Since business partners Karen Greenstein and Tim Rosengren founded Rango Honey in 2016, it has become a local favorite. The kosher, SQF Certified business creates 100 percent pure, raw honey, straight from the Sonoran desert.
Rosengren’s son, who has Autism, inspired them to start the business and establish Neshama, an assisted living community for people with autism. Those who live in Neshama have an opportunity to train and work at Rango Honey.
We spoke with co-founder and owner Karen Greenstein, Heather Blackford, operations manager of Rango Honey and Laura Jandl, executive director of Neshama to discuss Rango Honey’s success, the rewarding part of giving back and the bright future ahead.
Az Big Media: What inspired you to create Rango Honey?
Karen Greenstein: The need for pure, unadulterated honey was evident because it’s very hard to find pure honey and honey that doesn’t have all kinds of additives to it.

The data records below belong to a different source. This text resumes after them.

(* Let $\alpha=(\alpha_1,\dots,\alpha_t)$ be palindromic (i.e. $\alpha_i=\alpha_{t+1-i}$ for all $i$) with $t$ odd, let $F=\breve F(\alpha)$ with elements $x_1,\dots,x_n$. The statistics $\chi_{x_k}-\chi_{x_{n-k+1}}$ are $0$-mesic under rowmotion for all $k\in[n]$ if and only if the statistics $\hat\chi_{x_k}+\hat\chi_{x_{n-k+1}}$ are $1$-mesic under rowmotion for all $k\in[n]$.
   Context: A fence $\breve F(\alpha_1,\dots,\alpha_t)$ ($t\ge2$, positive integers, $\alpha_1,\alpha_t\ge2$) is the poset on $\{x_1,\dots,x_n\}$, $n=\alpha_1+\dots+\alpha_t-1$, with $a_i=\alpha_1+\dots+\alpha_i$, $a_0=0$, whose cover relations are: for $1\le j\le n-1$ with $a_{i-1}\le j<a_i$, $x_j\lessdot x_{j+1}$ if $i$ odd and $x_j\gtrdot x_{j+1}$ if $i$ even. $\mathcal J(F)$ is the set of order ideals; rowmotion $\rho$ sends $I$ to the order ideal generated by $\min(F\setminus I)$. $\hat\chi_q(I)=1$ if $q\in I$, else 0; $\chi_q(I)=1$ if $q\in\max(I)$, else 0. A statistic is $c$-mesic under rowmotion if its average over every $\rho$-orbit equals $c$. *)

theory Defs
  imports Complex_Main
begin

definition is_ideal :: "nat set \<Rightarrow> (nat \<Rightarrow> nat \<Rightarrow> bool) \<Rightarrow> nat set \<Rightarrow> bool" where
  "is_ideal P le I \<longleftrightarrow> I \<subseteq> P \<and> (\<forall>x\<in>I. \<forall>y\<in>P. le y x \<longrightarrow> y \<in> I)"

definition ideals :: "nat set \<Rightarrow> (nat \<Rightarrow> nat \<Rightarrow> bool) \<Rightarrow> nat set set" where
  "ideals P le = {I. is_ideal P le I}"

definition min_set :: "(nat \<Rightarrow> nat \<Rightarrow> bool) \<Rightarrow> nat set \<Rightarrow> nat set" where
  "min_set le S = {x\<in>S. \<forall>y\<in>S. le y x \<longrightarrow> y = x}"

definition max_set :: "(nat \<Rightarrow> nat \<Rightarrow> bool) \<Rightarrow> nat set \<Rightarrow> nat set" where
  "max_set le S = {x\<in>S. \<forall>y\<in>S. le x y \<longrightarrow> y = x}"

definition down_closure :: "nat set \<Rightarrow> (nat \<Rightarrow> nat \<Rightarrow> bool) \<Rightarrow> nat set \<Rightarrow> nat set" where
  "down_closure P le S = {y\<in>P. \<exists>x\<in>S. le y x}"

definition rowmotion :: "nat set \<Rightarrow> (nat \<Rightarrow> nat \<Rightarrow> bool) \<Rightarrow> nat set \<Rightarrow> nat set" where
  "rowmotion P le I = down_closure P le (min_set le (P - I))"

definition rho_orbit :: "nat set \<Rightarrow> (nat \<Rightarrow> nat \<Rightarrow> bool) \<Rightarrow> nat set \<Rightarrow> nat set set" where
  "rho_orbit P le I = {(rowmotion P le ^^ k) I | k. True}"

definition mesic :: "nat set \<Rightarrow> (nat \<Rightarrow> nat \<Rightarrow> bool) \<Rightarrow> (nat set \<Rightarrow> real) \<Rightarrow> real \<Rightarrow> bool" where
  "mesic P le f c \<longleftrightarrow>
     (\<forall>I\<in>ideals P le. (\<Sum>J\<in>rho_orbit P le I. f J) / real (card (rho_orbit P le I)) = c)"

definition hat_chi :: "nat \<Rightarrow> nat set \<Rightarrow> real" where
  "hat_chi q I = (if q \<in> I then 1 else 0)"

definition chi :: "(nat \<Rightarrow> nat \<Rightarrow> bool) \<Rightarrow> nat \<Rightarrow> nat set \<Rightarrow> real" where
  "chi le q I = (if q \<in> max_set le I then 1 else 0)"

section \<open>Fences; element x_j is represented by the natural number j\<close>

definition fence_a :: "nat list \<Rightarrow> nat \<Rightarrow> nat" where
  "fence_a \<alpha> i = sum_list (take i \<alpha>)"

definition fence_n :: "nat list \<Rightarrow> nat" where
  "fence_n \<alpha> = sum_list \<alpha> - 1"

definition fence_elems :: "nat list \<Rightarrow> nat set" where
  "fence_elems \<alpha> = {1..fence_n \<alpha>}"

definition fence_block :: "nat list \<Rightarrow> nat \<Rightarrow> nat" where
  "fence_block \<alpha> j = (LEAST i. j < fence_a \<alpha> i)"

definition fence_cover :: "nat list \<Rightarrow> nat \<Rightarrow> nat \<Rightarrow> bool" where
  "fence_cover \<alpha> x y \<longleftrightarrow>
     (1 \<le> x \<and> x \<le> fence_n \<alpha> - 1 \<and> y = x + 1 \<and> odd (fence_block \<alpha> x)) \<or>
     (1 \<le> y \<and> y \<le> fence_n \<alpha> - 1 \<and> x = y + 1 \<and> even (fence_block \<alpha> y))"

definition fence_le :: "nat list \<Rightarrow> nat \<Rightarrow> nat \<Rightarrow> bool" where
  "fence_le \<alpha> = (fence_cover \<alpha>)\<^sup>*\<^sup>*"

end

theory Submission
  imports Defs
begin

text \<open>Let h(q) and c(q) be the sums of hat_chi q and chi q over a rowmotion orbit of size N.
  Since the maximal elements of \<rho>(J) are the minimal elements of F - J and \<rho> permutes the
  orbit, c(p) = h(p) for maximal p, c(p) = N - h(p) for minimal p, c(p) = h(p) - h(a) if a is
  the only upper cover of p, and c(p) = h(b) - h(p) if b is the only lower cover of p.
  For palindromic \<alpha> of odd length, \<phi>(k) = n - k + 1 is an antiautomorphism of the fence, so
  with the defect D(q) = h(q) + h(\<phi> q) - N the difference c(k) - c(\<phi> k) is \<plusminus>D(k) at
  extremal elements and \<plusminus>(D(k) - D(c)) for each neighbour c of any other element.
  Hence D = 0 forces c(k) = c(\<phi> k); conversely, c(k) = c(\<phi> k) for all k propagates
  D(k) = 0 from the extremal element 1 along the fence.\<close>

lemma rtranclp_antisym_if_adjacent_asym:
  fixes r :: "nat \<Rightarrow> nat \<Rightarrow> bool"
  assumes adjacent: "\<And>x y. r x y \<Longrightarrow> y = Suc x \<or> x = Suc y"
    and asym: "\<And>x y. r x y \<Longrightarrow> \<not> r y x"
    and "r\<^sup>*\<^sup>* x y" "r\<^sup>*\<^sup>* y x"
  shows "x = y"
proof -
  have path: "(\<forall>j. x \<le> j \<and> j < y \<longrightarrow> r j (Suc j)) \<and> (\<forall>j. y \<le> j \<and> j < x \<longrightarrow> r (Suc j) j)"
    if "r\<^sup>*\<^sup>* x y" for x y
    using that
  proof (induction rule: rtranclp_induct)
    case (step y z)
    from adjacent[OF step.hyps(2)] show ?case
      using step by (auto simp: less_Suc_eq le_Suc_eq) (metis Suc_leI le_neq_implies_less)
  qed auto
  show ?thesis
  proof (rule ccontr)
    assume "x \<noteq> y"
    then obtain i where "r i (Suc i)" "r (Suc i) i"
      using path[OF assms(3)] path[OF assms(4)] by (metis linorder_neqE_nat order_refl)
    then show False using asym by blast
  qed
qed

locale cover_poset =
  fixes P :: "nat set" and cov :: "nat \<Rightarrow> nat \<Rightarrow> bool"
  assumes finite_P: "finite P"
    and cov_in: "cov x y \<Longrightarrow> x \<in> P \<and> y \<in> P"
    and cov_irrefl: "\<not> cov x x"
    and le_antisym: "cov\<^sup>*\<^sup>* x y \<Longrightarrow> cov\<^sup>*\<^sup>* y x \<Longrightarrow> x = y"
begin

abbreviation le :: "nat \<Rightarrow> nat \<Rightarrow> bool" where "le \<equiv> cov\<^sup>*\<^sup>*"
abbreviation rho :: "nat set \<Rightarrow> nat set" where "rho \<equiv> rowmotion P le"
abbreviation orbit :: "nat set \<Rightarrow> nat set set" where "orbit \<equiv> rho_orbit P le"

lemma ideal_subset: "I \<in> ideals P le \<Longrightarrow> I \<subseteq> P"
  by (simp add: ideals_def is_ideal_def)

lemma ideal_down_closed: "I \<in> ideals P le \<Longrightarrow> x \<in> I \<Longrightarrow> y \<in> P \<Longrightarrow> le y x \<Longrightarrow> y \<in> I"
  by (simp add: ideals_def is_ideal_def)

And then having a family member who is autistic really gave us the passion to create this honey that is 100 percent pure and unadulterated in the hopes to support independent living services and job training for adults with disabilities.
ABM: How has Rango Honey grown since 2016 and what kinds of unique products do you offer?
KG: We started with one beehive and we grew that up to more than 1500 hives creating four different types of honey: Clover Alfalfa, Desert Bloom, Mesquite Honey, and Orange Blossom.
Our Clover Alfalfa is the honey that I would say most of our customers relate to; 80 percent of U.S. honey is either clover or alfalfa, ours just happens to be Arizona alfalfa honey, so that one is very traditional.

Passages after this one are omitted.